(Stored items)
* * * * * * *

(* k tr(g P n) = tr(g n R S) = tr(g R m S) = tr(R g m S) = tr(g m S R) = k tr(g P m) *)
lemma twisted_trace_commute:
  fixes R S m n :: "'i::finite \<Rightarrow> 'i \<Rightarrow> 'r::comm_ring_1"
  assumes intertw: "\<And>a b. (\<Sum>c\<in>UNIV. R a c * m c b) = (\<Sum>c\<in>UNIV. n a c * R c b)"
    and SR: "\<And>a b. (\<Sum>c\<in>UNIV. S a c * R c b) = (if a = b then k * P a else 0)"
    and RS: "\<And>a b. (\<Sum>c\<in>UNIV. R a c * S c b) = (if a = b then k * P a else 0)"
    and diag: "\<And>a b. g a * R a b = R a b * g b"
  shows "k * (\<Sum>a\<in>UNIV. g a * P a * m a a) = k * (\<Sum>a\<in>UNIV. g a * P a * n a a)"
proof -
  have "k * (\<Sum>a\<in>UNIV. g a * P a * n a a)
      = (\<Sum>a\<in>UNIV. g a * (\<Sum>b\<in>UNIV. n a b * (if b = a then k * P b else 0)))"
    by (simp add: sum_distrib_left algebra_simps if_distrib cong: if_cong)
  also have "\<dots> = (\<Sum>a\<in>UNIV. g a * (\<Sum>c\<in>UNIV. (\<Sum>b\<in>UNIV. n a b * R b c) * S c a))"
    by (simp only: RS[symmetric] sum_matrix_assoc)
  also have "\<dots> = (\<Sum>a\<in>UNIV. g a * (\<Sum>b\<in>UNIV. R a b * (\<Sum>c\<in>UNIV. m b c * S c a)))"
    by (simp only: intertw[symmetric] sum_matrix_assoc[symmetric])
  also have "\<dots> = (\<Sum>a\<in>UNIV. \<Sum>b\<in>UNIV. \<Sum>c\<in>UNIV. R a b * (g b * m b c * S c a))"
    by (simp add: sum_distrib_left diag mult.assoc[symmetric])
  also have "\<dots> = (\<Sum>b\<in>UNIV. \<Sum>c\<in>UNIV. \<Sum>a\<in>UNIV. R a b * (g b * m b c * S c a))"
    by (subst sum.swap) (rule sum.cong[OF refl], rule sum.swap)
  also have "\<dots> = (\<Sum>b\<in>UNIV. g b * (\<Sum>c\<in>UNIV. m b c * (\<Sum>a\<in>UNIV. S c a * R a b)))"
    by (simp add: sum_distrib_left algebra_simps)
  also have "\<dots> = k * (\<Sum>a\<in>UNIV. g a * P a * m a a)"
    by (simp only: SR) (simp add: sum_distrib_left algebra_simps if_distrib cong: if_cong)
  finally show ?thesis by simp
qed

(* auxiliary indices a b, then physical indices s' s, as for Lloc *)
type_synonym 'r site_op = "bool \<Rightarrow> bool \<Rightarrow> bool \<Rightarrow> bool \<Rightarrow> 'r"

(* (1 + \<beta> t) L_j(x): clearing the denominator of x \<ominus> t makes every entry polynomial *)
definition L_H :: "'r::comm_ring_1 \<Rightarrow> 'r \<Rightarrow> 'r \<Rightarrow> 'r site_op" where
  "L_H \<beta> x t a b s' s =
     (if \<not> a \<and> \<not> b then (if s' = s then (if s then 1 + \<beta> * t else x - t) else 0)
      else if \<not> a \<and> b then (if s' \<and> \<not> s then 1 + \<beta> * x else 0)
      else if a \<and> \<not> b then (if \<not> s' \<and> s then 1 + \<beta> * t else 0)
      else (if \<not> s' \<and> \<not> s then 1 + \<beta> * t else 0))"

(* L'_j(x) with x \<oplus> t expanded, so that it makes sense over any commutative ring *)
definition L_E :: "'r::comm_ring_1 \<Rightarrow> 'r \<Rightarrow> 'r \<Rightarrow> 'r site_op" where
  "L_E \<beta> x t a b s' s =
     (let xp = x + t + \<beta> * x * t in
      if \<not> a \<and> \<not> b then (if s' = s then (if s then xp else 1) else 0)
      else if \<not> a \<and> b then (if s' \<and> \<not> s then 1 else 0)
      else if a \<and> \<not> b then (if \<not> s' \<and> s then 1 + \<beta> * xp else 0)
      else (if s' \<and> s then 1 else 0))"

lemma Lloc_rescaled:
  fixes \<beta> x t :: "'a::field"
  assumes "1 + \<beta> * t \<noteq> 0"
  shows "(1 + \<beta> * t) * Lloc \<beta> x t a b s' s = L_H \<beta> x t a b s' s"
proof -
  have "(1 + \<beta> * t) * (1 + \<beta> * ominus \<beta> x t) = 1 + \<beta> * x"
    using assms by (simp add: ominus_def field_simps)
  then show ?thesis
    using assms by (auto simp: Lloc_def L_H_def ominus_def Let_def)
qed

lemma Lloc'_eq_L_E: "Lloc' \<beta> x = L_E \<beta> x"
  by (simp add: fun_eq_iff Lloc'_def L_E_def oplus_def Let_def)

fun monodromy :: "'r::comm_ring_1 site_op list \<Rightarrow> bool \<Rightarrow> bool \<Rightarrow> 'r qop" where
  "monodromy [] a b [] [] = (if a = b then 1 else 0)"
| "monodromy (L # Ls) a b (s' # ss') (s # ss) =
     monodromy Ls a False ss' ss * L False b s' s + monodromy Ls a True ss' ss * L True b s' s"
| "monodromy _ a b _ _ = 0"

lemma mono_eq_monodromy: "mono L ts a b s' s = monodromy (map L ts) a b s' s"
  by (induction L ts a b s' s rule: mono.induct) simp_all

lemma monodromy_scale:
  "monodromy (map (\<lambda>t a b s' s. c t * L t a b s' s) ts) a b s' s
     = prod_list (map c ts) * monodromy (map L ts) a b s' s"
proof (induction ts arbitrary: a b s' s)
  case Nil
  then show ?case by (cases s'; cases s) simp_all
next
  case (Cons t ts)
  then show ?case by (cases s'; cases s) (simp_all add: algebra_simps)
qed

definition transfer :: "'r::comm_ring_1 \<Rightarrow> 'r site_op list \<Rightarrow> 'r qop" where
  "transfer q Ls s' s = monodromy Ls False False s' s + q * monodromy Ls True True s' s"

* * * * * * *

Task prompt: Please copy every line of the data that carries the string "transfer".

Your solution:
definition transfer :: "'r::comm_ring_1 \<Rightarrow> 'r site_op list \<Rightarrow> 'r qop" where
  "transfer q Ls s' s = monodromy Ls False False s' s + q * monodromy Ls True True s' s"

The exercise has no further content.